Prevalence of severe eosinophilic asthma estimated in Japan

medwireNews: Approximately one third of patients with severe asthma in Japan have severe eosinophilic asthma, show findings from a cohort analysis.

This prevalence was estimated from the health records or insurance claims of 217 patients with severe asthma treated at Kyoto University Hospital between 2009 and 2015. Of these, 160 (74%) had eosinophil assessments that showed 97 (61%) patients had a blood eosinophil count of at least 150 cells/µL, while 54 (34%) had a count of at least 300 cells/µL, and 33 (21%) had a count of at least 500 cells/µL.

The proportion with severe eosinophilic asthma, defined as an eosinophil count of 300 cells/µL or above, was therefore 34%.

There was no significant difference between patients with eosinophilic and non-eosinophilic asthma in the risk for exacerbations, with a similar proportion of patients in each group experiencing at least one, at 31% and 27%, respectively. The annual mean number of exacerbations requiring an emergency room visit was also comparable, at a corresponding 0.06 and 0.07.

However, the two groups did differ in terms of immunoglobulin E and exhaled nitric oxide (FeNO) levels, which were both increased in patients with eosinophilic versus non-eosinophilic asthma, while the ratio of forced expiratory volume in 1 second (FEV1) to forced vital capacity (FVC) was reduced.

Indeed, on multivariate analysis (Lasso negative binomial regression model), patients with eosinophilic asthma who had a percent predicted FEV1 below 60% had 3.3 times the rate of future exacerbations compared with patients with higher levels, while those with a FeNO level of at least 25 ppb had 302 times the rate compared with patients with lower levels (p=0.03; confidence interval [CI]=1.16 to 9.57 and p<0.0001; CI=84 to 1086, respectively).

These characteristics did not predict future exacerbation rate among patients with non-eosinophilic asthma, however.
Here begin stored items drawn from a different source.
(* Let $s\ge1$ be an integer and let $(G,Z)$ be a monic plantation. Then there exist $X\subseteq Z$ and $Y\subseteq V(G)\setminus Z$ with $|X|<s$ and $|Y|<2s\cdot s!$ such that exploding the vertices in $X$ and deleting the (remaining) vertices in $Y$ yields a selfless plantation.
   Context: Graphs are finite and simple. Two subsets of $V(G)$ are anticomplete if they are disjoint and no edge joins them; subgraphs are anticomplete if their vertex sets are. $G$ is $s\mathcal{O}$-free if no $s$ cycles of $G$ are pairwise vertex-disjoint and pairwise anticomplete. A set $Z\subseteq V(G)$ is cycle-hitting if every cycle of $G$ has a vertex in $Z$. A plantation is a pair $(G,Z)$ where $G$ is an $s\mathcal{O}$-free graph and $Z\subseteq V(G)$ is cycle-hitting. Let $F=G\setminus Z$ (a forest) and $N$ the set of vertices of $V(G)\setminus Z$ with a neighbour in $Z$. $(G,Z)$ is monic if $Z$ is stable and every vertex of $N$ has exactly one neighbour in $Z$. A transition of $(G,Z)$ is a path of $F$ of length at least one with both ends in $N$ and no internal vertex in $N$; a vertex $z\in Z$ adjacent to an end of a transition $P$ is a foot of $P$. A self-transition is a transition with only one foot; $(G,Z)$ is selfless if it has no self-transition. Deleting a vertex $v\in V(G)\setminus Z$ produces the plantation $(G\setminus\{v\},Z)$. Exploding a vertex $v\in Z$ produces the plantation $(G',Z\setminus\{v\})$, where $G'$ is obtained from $G$ by deleting $v$ and all its neighbours in $V(G)\setminus Z$. *)

theory Defs
  imports Main
begin

definition graph :: "'a set \<Rightarrow> ('a \<Rightarrow> 'a \<Rightarrow> bool) \<Rightarrow> bool" where
  "graph V E \<longleftrightarrow> finite V \<and> (\<forall>u v. E u v \<longrightarrow> E v u) \<and> (\<forall>v. \<not> E v v)
     \<and> (\<forall>u v. E u v \<longrightarrow> u \<in> V \<and> v \<in> V)"

definition induced :: "('a \<Rightarrow> 'a \<Rightarrow> bool) \<Rightarrow> 'a set \<Rightarrow> 'a \<Rightarrow> 'a \<Rightarrow> bool" where
  "induced E W = (\<lambda>u v. E u v \<and> u \<in> W \<and> v \<in> W)"

definition is_cycle :: "'a set \<Rightarrow> ('a \<Rightarrow> 'a \<Rightarrow> bool) \<Rightarrow> 'a list \<Rightarrow> bool" where
  "is_cycle V E C \<longleftrightarrow> length C \<ge> 3 \<and> distinct C \<and> set C \<subseteq> V
     \<and> (\<forall>i. Suc i < length C \<longrightarrow> E (C ! i) (C ! Suc i)) \<and> E (last C) (hd C)"

definition is_path :: "'a set \<Rightarrow> ('a \<Rightarrow> 'a \<Rightarrow> bool) \<Rightarrow> 'a list \<Rightarrow> bool" where
  "is_path V E P \<longleftrightarrow> P \<noteq> [] \<and> distinct P \<and> set P \<subseteq> V
     \<and> (\<forall>i. Suc i < length P \<longrightarrow> E (P ! i) (P ! Suc i))"

definition anticomplete :: "('a \<Rightarrow> 'a \<Rightarrow> bool) \<Rightarrow> 'a set \<Rightarrow> 'a set \<Rightarrow> bool" where
  "anticomplete E A B \<longleftrightarrow> A \<inter> B = {} \<and> (\<forall>a\<in>A. \<forall>b\<in>B. \<not> E a b)"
For this group, the main rate-determining factor was having an exacerbation during the baseline period, which increased the rate by 6.9 times compared with not experiencing an exacerbation (p=<0.0001; CI=2.97 to 16.2).

“[T]he differences in exacerbation risk factors seen between eosinophilic and non-eosinophilic subgroups highlight the significance of using blood eosinophil count to stratify subgroups, and that these subgroups may require different management strategies,” note Hisako Matsumoto (Kyoto University) and co-researchers.

They also report that asthma-related costs were similar in the eosinophilic and non-eosinophilic patient groups (¥ 346,554 [US$ 3014; € 2779] and ¥ 479,338 [$ 4168; € 3843] per patient–year, respectively), and that medications accounted for most of the costs in both groups.

“Despite long-term ICS [inhaled corticosteroid] plus non-ICS controller medication, both [severe eosinophilic asthma] and severe non-eosinophilic asthma exert a substantial clinical and economic burden,” the researchers comment.

They conclude in the Journal of Asthma: “There is clearly an unmet medical need for effective treatments for both [severe eosinophilic asthma] and severe non-eosinophilic asthma.”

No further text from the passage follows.